Results In the three validation datasets, the algorithm yielded a ROC curve AUC of mean (95% CI) 0.97 (0.92-1.00), 0.97 (0.96-0.97) and 0.95 (0.93-0.97) for antibody-mediated rejection (ABMR); 0.94 (0.91-0.96), 0.94 (0.92-0.95) and 0.91 (0.88-0.95) for T cell-mediated rejection; >0.96 (0.90-1.00) in all three for interstitial fibrosis - tubular atrophy (IFTA). Finally, using the largest validation cohort, we developed an additional algorithm to discriminate active and chronic active ABMR with an accuracy of 0.95.
Conclusion We built an Artificial Intelligence algorithm able to interpret histological lesions together with a few routine clinical data with very high sensitivity and specificity. This algorithm should be useful in routine or clinical trials to help pathologists and clinicians and increase biopsy interpretation homogeneity.
Introduction
The international Banff classification standardizes the diagnosis of different forms of kidney allograft rejection.1 It is based on a grid of histological criteria with predefined thresholds, ranking the extent of elementary lesions. Subsequently, numerous rules must be applied on the possible combinations of histological lesions to deduce: antibody-mediated rejection (ABMR); T cell-mediated rejection (TCMR); and others, including interstitial fibrosis and tubular atrophy (IFTA, that is no longer considered as a category in itself).1 However, this gold-standard strategy is not perfect and the transcription of elementary lesions into a final clinical interpretation may appear challenging.

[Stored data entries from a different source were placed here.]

(* Suppose the loss $f\colon\Theta\to\mathbb{R}$ is convex. Then for the core Two-Tailed Averaging algorithm run on any sequence of iterates $(\theta_t)$, the sequence $(F_N)$ of losses of the short averages at switch points is monotonically non-increasing: $F_{N+1}\le F_N$ for every $N\in\mathbb{N}$ for which the $(N+1)$-th switch point exists.
   Context: Let $\Theta=\mathbb{R}^d$, let $(\theta_t)_{t\in\mathbb{N}_0}$ be a sequence in $\Theta$, let $f\colon\Theta\to\mathbb{R}$ be a loss function, and let $E\in\mathbb{N}$ be the evaluation period. For integers $t\ge \Delta\ge 1$ write $\mathrm{avg}(t,\Delta)=\frac{1}{\Delta}\sum_{i=t+1-\Delta}^{t}\theta_i$. Core Two-Tailed Averaging: it maintains integers $S,L$ and vectors $\theta^S,\theta^L$, initially $S=L=0$, $\theta^S=\theta^L=0$. For $t=1,2,\dots$: first $\theta_t$ is added to both averages, i.e. $\theta^S\leftarrow\theta^S+(\theta_t-\theta^S)/(S+1)$, $S\leftarrow S+1$, and $\theta^L\leftarrow\theta^L+(\theta_t-\theta^L)/(L+1)$, $L\leftarrow L+1$ (so $\theta^S=\mathrm{avg}(t,S)$, $\theta^L=\mathrm{avg}(t,L)$). Then, if $E$ divides $t$: if $f(\theta^S)\le f(\theta^L)$, a switch is performed: $L\leftarrow S$, $\theta^L\leftarrow\theta^S$, $S\leftarrow 0$. $S'(t),\theta^{S'}(t)$ denote the values of $S,\theta^S$ in the $t$-th pass after $\theta_t$ has been added but before the possible switch. A time step $n$ is a switch point if a switch is performed at $t=n$. For $N\in\mathbb{N}$: $Q_N$ is the $N$-th switch point (in increasing order), $F_N=f(\theta^{S'}(Q_N))$, and $S_N=S'(Q_N)$. *)

theory Defs
  imports "HOL-Analysis.Analysis"
begin

text \<open>State of core Two-Tailed Averaging: (S, L, theta^S, theta^L).\<close>
type_synonym 'v tta_state = "nat \<times> nat \<times> 'v \<times> 'v"

fun tta_add :: "'v::real_vector \<Rightarrow> 'v tta_state \<Rightarrow> 'v tta_state" where
  "tta_add x (S, L, aS, aL) =
     (S + 1, L + 1, aS + (x - aS) /\<^sub>R real (S + 1), aL + (x - aL) /\<^sub>R real (L + 1))"

fun tta_state :: "('v::real_vector \<Rightarrow> real) \<Rightarrow> nat \<Rightarrow> (nat \<Rightarrow> 'v) \<Rightarrow> nat \<Rightarrow> 'v tta_state" where
  "tta_state f E th 0 = (0, 0, 0, 0)"
| "tta_state f E th (Suc t) =
     (case tta_add (th (Suc t)) (tta_state f E th t) of (S, L, aS, aL) \<Rightarrow>
        if E dvd Suc t \<and> f aS \<le> f aL then (0, S, aS, aS) else (S, L, aS, aL))"

definition tta_pre :: "('v::real_vector \<Rightarrow> real) \<Rightarrow> nat \<Rightarrow> (nat \<Rightarrow> 'v) \<Rightarrow> nat \<Rightarrow> 'v tta_state" where
  "tta_pre f E th t = tta_add (th t) (tta_state f E th (t - 1))"

definition S' :: "('v::real_vector \<Rightarrow> real) \<Rightarrow> nat \<Rightarrow> (nat \<Rightarrow> 'v) \<Rightarrow> nat \<Rightarrow> nat" where
  "S' f E th t = fst (tta_pre f E th t)"

definition thetaS' :: "('v::real_vector \<Rightarrow> real) \<Rightarrow> nat \<Rightarrow> (nat \<Rightarrow> 'v) \<Rightarrow> nat \<Rightarrow> 'v" where
  "thetaS' f E th t = fst (snd (snd (tta_pre f E th t)))"

definition thetaL' :: "('v::real_vector \<Rightarrow> real) \<Rightarrow> nat \<Rightarrow> (nat \<Rightarrow> 'v) \<Rightarrow> nat \<Rightarrow> 'v" where
  "thetaL' f E th t = snd (snd (snd (tta_pre f E th t)))"

definition switch_point :: "('v::real_vector \<Rightarrow> real) \<Rightarrow> nat \<Rightarrow> (nat \<Rightarrow> 'v) \<Rightarrow> nat \<Rightarrow> bool" where
  "switch_point f E th n \<longleftrightarrow> 1 \<le> n \<and> E dvd n \<and> f (thetaS' f E th n) \<le> f (thetaL' f E th n)"

definition switch_count :: "('v::real_vector \<Rightarrow> real) \<Rightarrow> nat \<Rightarrow> (nat \<Rightarrow> 'v) \<Rightarrow> nat \<Rightarrow> nat" where
  "switch_count f E th n = card {m \<in> {1..n}. switch_point f E th m}"

definition switch_exists :: "('v::real_vector \<Rightarrow> real) \<Rightarrow> nat \<Rightarrow> (nat \<Rightarrow> 'v) \<Rightarrow> nat \<Rightarrow> bool" where
  "switch_exists f E th N \<longleftrightarrow> (\<exists>n. switch_point f E th n \<and> switch_count f E th n = N)"

definition Q :: "('v::real_vector \<Rightarrow> real) \<Rightarrow> nat \<Rightarrow> (nat \<Rightarrow> 'v) \<Rightarrow> nat \<Rightarrow> nat" where
  "Q f E th N = (LEAST n. switch_point f E th n \<and> switch_count f E th n = N)"

definition F :: "('v::real_vector \<Rightarrow> real) \<Rightarrow> nat \<Rightarrow> (nat \<Rightarrow> 'v) \<Rightarrow> nat \<Rightarrow> real" where
  "F f E th N = f (thetaS' f E th (Q f E th N))"

end

theory Submission
  imports Defs
begin

text \<open>Right after a switch the long average is the previous short average \<open>a\<^sub>0\<close> (weight \<open>S\<^sub>0\<close>),
  and until the next switch both averages receive the same iterates, so the long average is
  always the weighted mean of \<open>a\<^sub>0\<close> and the current short average. At the next switch the short
  average is no worse than that mean, hence by convexity no worse than \<open>a\<^sub>0\<close>.\<close>

lemma convex_on_le_of_le_weighted_mean:
  fixes f :: "'v::real_vector \<Rightarrow> real"
  assumes "convex_on UNIV f" and "0 < a" and "0 \<le> b"
    and mean: "(a + b) *\<^sub>R z = a *\<^sub>R x + b *\<^sub>R y"
    and "f y \<le> f z"
  shows "f y \<le> f x"
proof -
  define t where "t = b / (a + b)"
  have t: "0 \<le> t" "t \<le> 1" "1 - t = a / (a + b)"
    using assms(2,3) by (auto simp: t_def field_simps)
  have "z = (1 / (a + b)) *\<^sub>R ((a + b) *\<^sub>R z)"
    using assms(2,3) by simp
  also have "\<dots> = (1 - t) *\<^sub>R x + t *\<^sub>R y"
    unfolding mean t(3) by (simp add: scaleR_right_distrib t_def)
  finally have "f z \<le> (1 - t) * f x + t * f y"
    using convex_onD[OF assms(1) t(1,2)] by simp
  with \<open>f y \<le> f z\<close> have "(1 - t) * f y \<le> (1 - t) * f x"
    by (simp add: algebra_simps)
  moreover have "0 < 1 - t"
    using t(3) assms(2,3) by simp
  ultimately show ?thesis
    by simp
qed

lemma switch_count_Suc:
  "switch_count f E th (Suc n) =
     switch_count f E th n + (if switch_point f E th (Suc n) then 1 else 0)"
proof -
  have "{m \<in> {1..Suc n}. switch_point f E th m} =
        {m \<in> {1..n}. switch_point f E th m} \<union>
        (if switch_point f E th (Suc n) then {Suc n} else {})"
    by (auto simp: le_Suc_eq)
  then show ?thesis
    unfolding switch_count_def by (simp add: card_insert_if)
qed

lemma switch_count_mono: "a \<le> b \<Longrightarrow> switch_count f E th a \<le> switch_count f E th b"
  by (induction b rule: dec_induct) (auto simp: switch_count_Suc)

lemma switch_count_less:
  assumes "switch_point f E th b" and "a < b"
  shows "switch_count f E th a < switch_count f E th b"
proof -
  obtain c where "b = Suc c" "a \<le> c"
    using assms(2) by (cases b) auto
  then show ?thesis
    using switch_count_mono[of a c f E th] assms(1) by (simp add: switch_count_Suc)
qed

lemma switch_point_of_switch_count:
  assumes "1 \<le> N" and "N \<le> switch_count f E th n"
  shows "\<exists>m\<le>n. switch_point f E th m \<and> switch_count f E th m = N"
  using assms(2)
proof (induction n)
  case 0
  then show ?case
    using assms(1) by (simp add: switch_count_def)
next
  case (Suc n)
  then show ?case
    by (cases "N \<le> switch_count f E th n")
       (auto simp: switch_count_Suc le_Suc_eq split: if_splits)
qed

lemma Q_eqI:
  assumes "switch_point f E th m" and "switch_count f E th m = N"
  shows "Q f E th N = m"
  unfolding Q_def
proof (rule Least_equality)
  show "\<And>n. switch_point f E th n \<and> switch_count f E th n = N \<Longrightarrow> m \<le> n"
    using assms switch_count_less by (metis less_irrefl not_le)
qed (use assms in simp)

lemma tta_state_switch:
  assumes "switch_point f E th (Suc t)" and "tta_pre f E th (Suc t) = (S, L, aS, aL)"
  shows "tta_state f E th (Suc t) = (0, S, aS, aS)"
  using assms by (simp add: switch_point_def tta_pre_def thetaS'_def thetaL'_def)

lemma tta_state_no_switch:
  assumes "\<not> switch_point f E th (Suc t)"
  shows "tta_state f E th (Suc t) = tta_add (th (Suc t)) (tta_state f E th t)"
  using assms
  by (auto simp: switch_point_def tta_pre_def thetaS'_def thetaL'_def split: prod.splits)

lemma fst_tta_pre: "0 < t \<Longrightarrow> fst (tta_pre f E th t) = Suc (fst (tta_state f E th (t - 1)))"
  by (cases "tta_state f E th (t - 1)") (simp add: tta_pre_def)

definition merged_with :: "'v::real_vector \<Rightarrow> nat \<Rightarrow> 'v tta_state \<Rightarrow> bool" where
  "merged_with a0 S0 st = (case st of (S, L, aS, aL) \<Rightarrow>
     L = S0 + S \<and> real L *\<^sub>R aL = real S0 *\<^sub>R a0 + real S *\<^sub>R aS)"

lemma scaleR_running_mean:
  fixes a x :: "'v::real_vector"
  shows "real (Suc n) *\<^sub>R (a + (x - a) /\<^sub>R real (Suc n)) = real n *\<^sub>R a + x"
proof -
  have "real (Suc n) *\<^sub>R (a + (x - a) /\<^sub>R real (Suc n)) = real (Suc n) *\<^sub>R a + (x - a)"
    by (simp add: scaleR_right_distrib)
  then show ?thesis
    by (simp add: algebra_simps)
qed

lemma merged_with_tta_add:
  assumes "merged_with a0 S0 st"
  shows "merged_with a0 S0 (tta_add x st)"
proof (cases st)
  case (fields S L aS aL)
  with assms have "L = S0 + S" "real L *\<^sub>R aL = real S0 *\<^sub>R a0 + real S *\<^sub>R aS"
    by (auto simp: merged_with_def)
  moreover have "real (Suc L) *\<^sub>R (aL + (x - aL) /\<^sub>R real (Suc L)) = real L *\<^sub>R aL + x"
    "real (Suc S) *\<^sub>R (aS + (x - aS) /\<^sub>R real (Suc S)) = real S *\<^sub>R aS + x"
    by (rule scaleR_running_mean)+
  ultimately show ?thesis
    using fields by (simp add: merged_with_def)
qed

lemma merged_with_until_next_switch:
  assumes "switch_point f E th m" and "tta_pre f E th m = (S0, L0, a0, aL0)"
    and "m \<le> t" and "switch_count f E th t = switch_count f E th m"
  shows "merged_with a0 S0 (tta_state f E th t)"
  using assms(3,4)
proof (induction t rule: dec_induct)
  case base
  obtain m' where "m = Suc m'"
    using assms(1) by (cases m) (auto simp: switch_point_def)
  then have "tta_state f E th m = (0, S0, a0, a0)"
    using tta_state_switch assms(1,2) by blast
  then show ?case
    by (simp add: merged_with_def)
next
  case (step t)
  have "switch_count f E th m \<le> switch_count f E th t"
    using switch_count_mono step.hyps(1) by blast
  moreover have "switch_count f E th t \<le> switch_count f E th (Suc t)"
    by (simp add: switch_count_Suc)
  ultimately have "\<not> switch_point f E th (Suc t)" "switch_count f E th t = switch_count f E th m"
    using step.prems by (auto simp: switch_count_Suc)
  then show ?case
    using step.IH tta_state_no_switch merged_with_tta_add by metis
qed

lemma loss_short_average_next_switch_le:
  fixes f :: "'v::real_vector \<Rightarrow> real"
  assumes "convex_on UNIV f"
    and "switch_point f E th m" and "switch_point f E th n"
    and "switch_count f E th n = Suc (switch_count f E th m)"
  shows "f (thetaS' f E th n) \<le> f (thetaS' f E th m)"
proof -
  have "m < n"
    using switch_count_mono[of n m f E th] assms(4) by (cases "n \<le> m") auto
  then obtain n' where n: "n = Suc n'" "m \<le> n'"
    by (cases n) auto
  obtain S0 L0 a0 aL0 where pre_m: "tta_pre f E th m = (S0, L0, a0, aL0)"
    by (cases "tta_pre f E th m")
  obtain S L aS aL where pre_n: "tta_pre f E th n = (S, L, aS, aL)"
    by (cases "tta_pre f E th n")
  have "0 < m"
    using assms(2) by (simp add: switch_point_def)
  then have "0 < S0"
    using fst_tta_pre[of m f E th] pre_m by simp
  have "switch_count f E th n' = switch_count f E th m"
    using assms(3,4) n(1) by (simp add: switch_count_Suc)
  then have "merged_with a0 S0 (tta_pre f E th n)"
    using merged_with_until_next_switch[OF assms(2) pre_m n(2)] merged_with_tta_add n(1)
    by (simp add: tta_pre_def)
  then have "(real S0 + real S) *\<^sub>R aL = real S0 *\<^sub>R a0 + real S *\<^sub>R aS"
    using pre_n by (auto simp: merged_with_def)
  moreover have "f aS \<le> f aL"
    using assms(3) pre_n by (simp add: switch_point_def thetaS'_def thetaL'_def)
  ultimately have "f aS \<le> f a0"
    using convex_on_le_of_le_weighted_mean[OF assms(1), of "real S0" "real S"] \<open>0 < S0\<close>
    by simp
  then show ?thesis
    using pre_m pre_n by (simp add: thetaS'_def)
qed

theorem mainTheorem5:
  fixes f :: "real ^ 'd \<Rightarrow> real" and \<theta> :: "nat \<Rightarrow> real ^ 'd" and E N :: nat
  assumes "convex_on UNIV f"
    and "E \<ge> 1"
    and "N \<ge> 1"
    and "switch_exists f E \<theta> (N + 1)"
  shows "F f E \<theta> (N + 1) \<le> F f E \<theta> N"
proof -
  obtain n where n: "switch_point f E \<theta> n" "switch_count f E \<theta> n = N + 1"
    using assms(4) by (auto simp: switch_exists_def)
  obtain m where m: "switch_point f E \<theta> m" "switch_count f E \<theta> m = N"
    using switch_point_of_switch_count[of N f E \<theta> n] assms(3) n(2) by auto
  have "Q f E \<theta> (N + 1) = n" "Q f E \<theta> N = m"
    using Q_eqI n m by blast+
  then show ?thesis
    using loss_short_average_next_switch_le[OF assms(1) m(1) n(1)] m(2) n(2)
    by (simp add: F_def)
qed

end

First, the interobserver reproducibility of reporting and ranking histological lesions is suboptimal.2–4 In a recent international survey, 6 case-based scenarios in which the elementary Banff lesions and clinical background were provided (i.e. the slide reading step was skipped), were interpreted by 95 clinicians and 72 renal pathologists. Case interpretations differed by 26 and 34% from the reference standards, respectively.5 The absence of DSA or negative C4d staining, or serum creatinine, proteinuria and other clinical data may influence the pathologist’s or clinician’s judgement of a case. Secondly, the definition of the phenotypes has dynamically evolved since 2005 with each revision of the Banff classification, leading to changes in the evaluation criteria applied and in the diagnostic entities, including their designation by name.1 In small transplant centers where pathologists have a general practice, it is challenging to integrate these frequent updates with the same level of expertise as pathologists specialized in the analysis of kidney allograft biopsies. Thirdly, centralized assessment and consenting on biopsy diagnoses by specialized pathologists is not always possible in clinical studies in kidney transplantation (e.g., on biomarkers,6 treatment strategies, survival analyses in prospective or retrospective cohorts) due to logistic and financial constraints.
Three strategies may be used for the assessment of humoral rejection, t-cell rejection, or other biopsy lesions. The first is to apply the Banff rules strictly and automatically with “if then else” rules. The second is to identify clusters of elementary lesions in an unsupervised manner that cannot be directly compared with the Banff reference classes. Their pertinence is generally evaluated based on further patient outcome, and logically clusters of cases with lesions have poorer survival than those with normal biopsies.7 The third strategy, as yet unexplored, is to identify case clusters in a supervised manner based on reference diagnoses made considering both the Banff classification and the clinical context, so as to automate and homogenize the process of clinical interpretation of biopsy cases used for clinical decision making.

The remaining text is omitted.